Every line in the records below with the string "auto" is to be copied out.

************

lemma grad_in_V: "grad i \<in> V"
  by (rule orth_proj_in[OF subspace_V])

lemma inner_grad: "D \<in> V \<Longrightarrow> a i \<bullet> D = grad i \<bullet> D"
  using inner_orth_proj[OF subspace_V] by (simp add: inner_commute)

lemma finite_active: "finite (active P)"
  using finite_A by (simp add: active_def)

lemma minimizers_nonempty:
  assumes "P \<in> K" and bounded: "\<And>c. bounded {Q \<in> K. F Q \<le> c}"
  shows "minimizers \<noteq> {}"
proof -
  have "K = (+) P ` V"
    using K_iff[OF assms(1)] by (force intro: image_eqI[where x = "_ - P"])
  then have "closed K"
    by (metis closed_translation closed_subspace subspace_V)
  then have "compact {Q \<in> K. F Q \<le> F P}"
    using bounded closed_Collect_le[OF continuous_on_F continuous_on_const]
    by (simp add: compact_eq_bounded_closed Collect_conj_eq closed_Int)
  moreover have "P \<in> {Q \<in> K. F Q \<le> F P}"
    using assms(1) by simp
  ultimately obtain Q where Q: "Q \<in> {Q \<in> K. F Q \<le> F P}" "\<forall>R\<in>{Q \<in> K. F Q \<le> F P}. F Q \<le> F R"
    using continuous_attains_inf[OF _ _ continuous_on_F] by blast
  then have "Q \<in> minimizers"
    unfolding minimizers_def by force
  then show ?thesis by blast
qed

lemma eventually_inactive_below:
  "\<forall>\<^sub>F D in nhds 0. \<forall>i\<in>A - active P. a i \<bullet> (P + D) < F P"
proof (rule eventually_ball_finite)
  show "finite (A - active P)"
    using finite_A by simp
  show "\<forall>i\<in>A - active P. \<forall>\<^sub>F D in nhds 0. a i \<bullet> (P + D) < F P"
  proof
    fix i assume i: "i \<in> A - active P"
    then have "a i \<bullet> (P + 0) < F P"
      using inner_le_F[of i P] by (auto simp: active_def)
    moreover have "((\<lambda>D. a i \<bullet> (P + D)) \<longlongrightarrow> a i \<bullet> (P + 0)) (nhds 0)"
      by (intro tendsto_intros filterlim_ident)
    ultimately show "\<forall>\<^sub>F D in nhds 0. a i \<bullet> (P + D) < F P"
      by (simp add: order_tendstoD(2))
  qed
qed

lemma add_mem_minimizers:
  assumes P: "P \<in> minimizers" and D: "D \<in> V"
    and active_le: "\<And>i. i \<in> active P \<Longrightarrow> a i \<bullet> D \<le> 0"
    and inactive_less: "\<And>i. i \<in> A - active P \<Longrightarrow> a i \<bullet> (P + D) < F P"
  shows "P + D \<in> minimizers"
proof -
  have "P \<in> K" and min: "\<And>Q. Q \<in> K \<Longrightarrow> F P \<le> F Q"
    using P by (auto simp: minimizers_def)
  then have "P + D \<in> K"
    using K_iff[OF \<open>P \<in> K\<close>] D by simp
  moreover have "F (P + D) \<le> F P"
    unfolding F_le_iff
  proof
    fix i assume "i \<in> A"
    then show "a i \<bullet> (P + D) \<le> F P"
      using active_le[of i] inactive_less[of i]
      by (cases "i \<in> active P") (auto simp: active_def inner_add_right)
  qed
  ultimately show ?thesis
    using min by (force simp: minimizers_def)
qed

************

- **Result for this exercise**
      using inner_le_F[of i P] by (auto simp: active_def)
    using P by (auto simp: minimizers_def)
      by (cases "i \<in> active P") (auto simp: active_def inner_add_right)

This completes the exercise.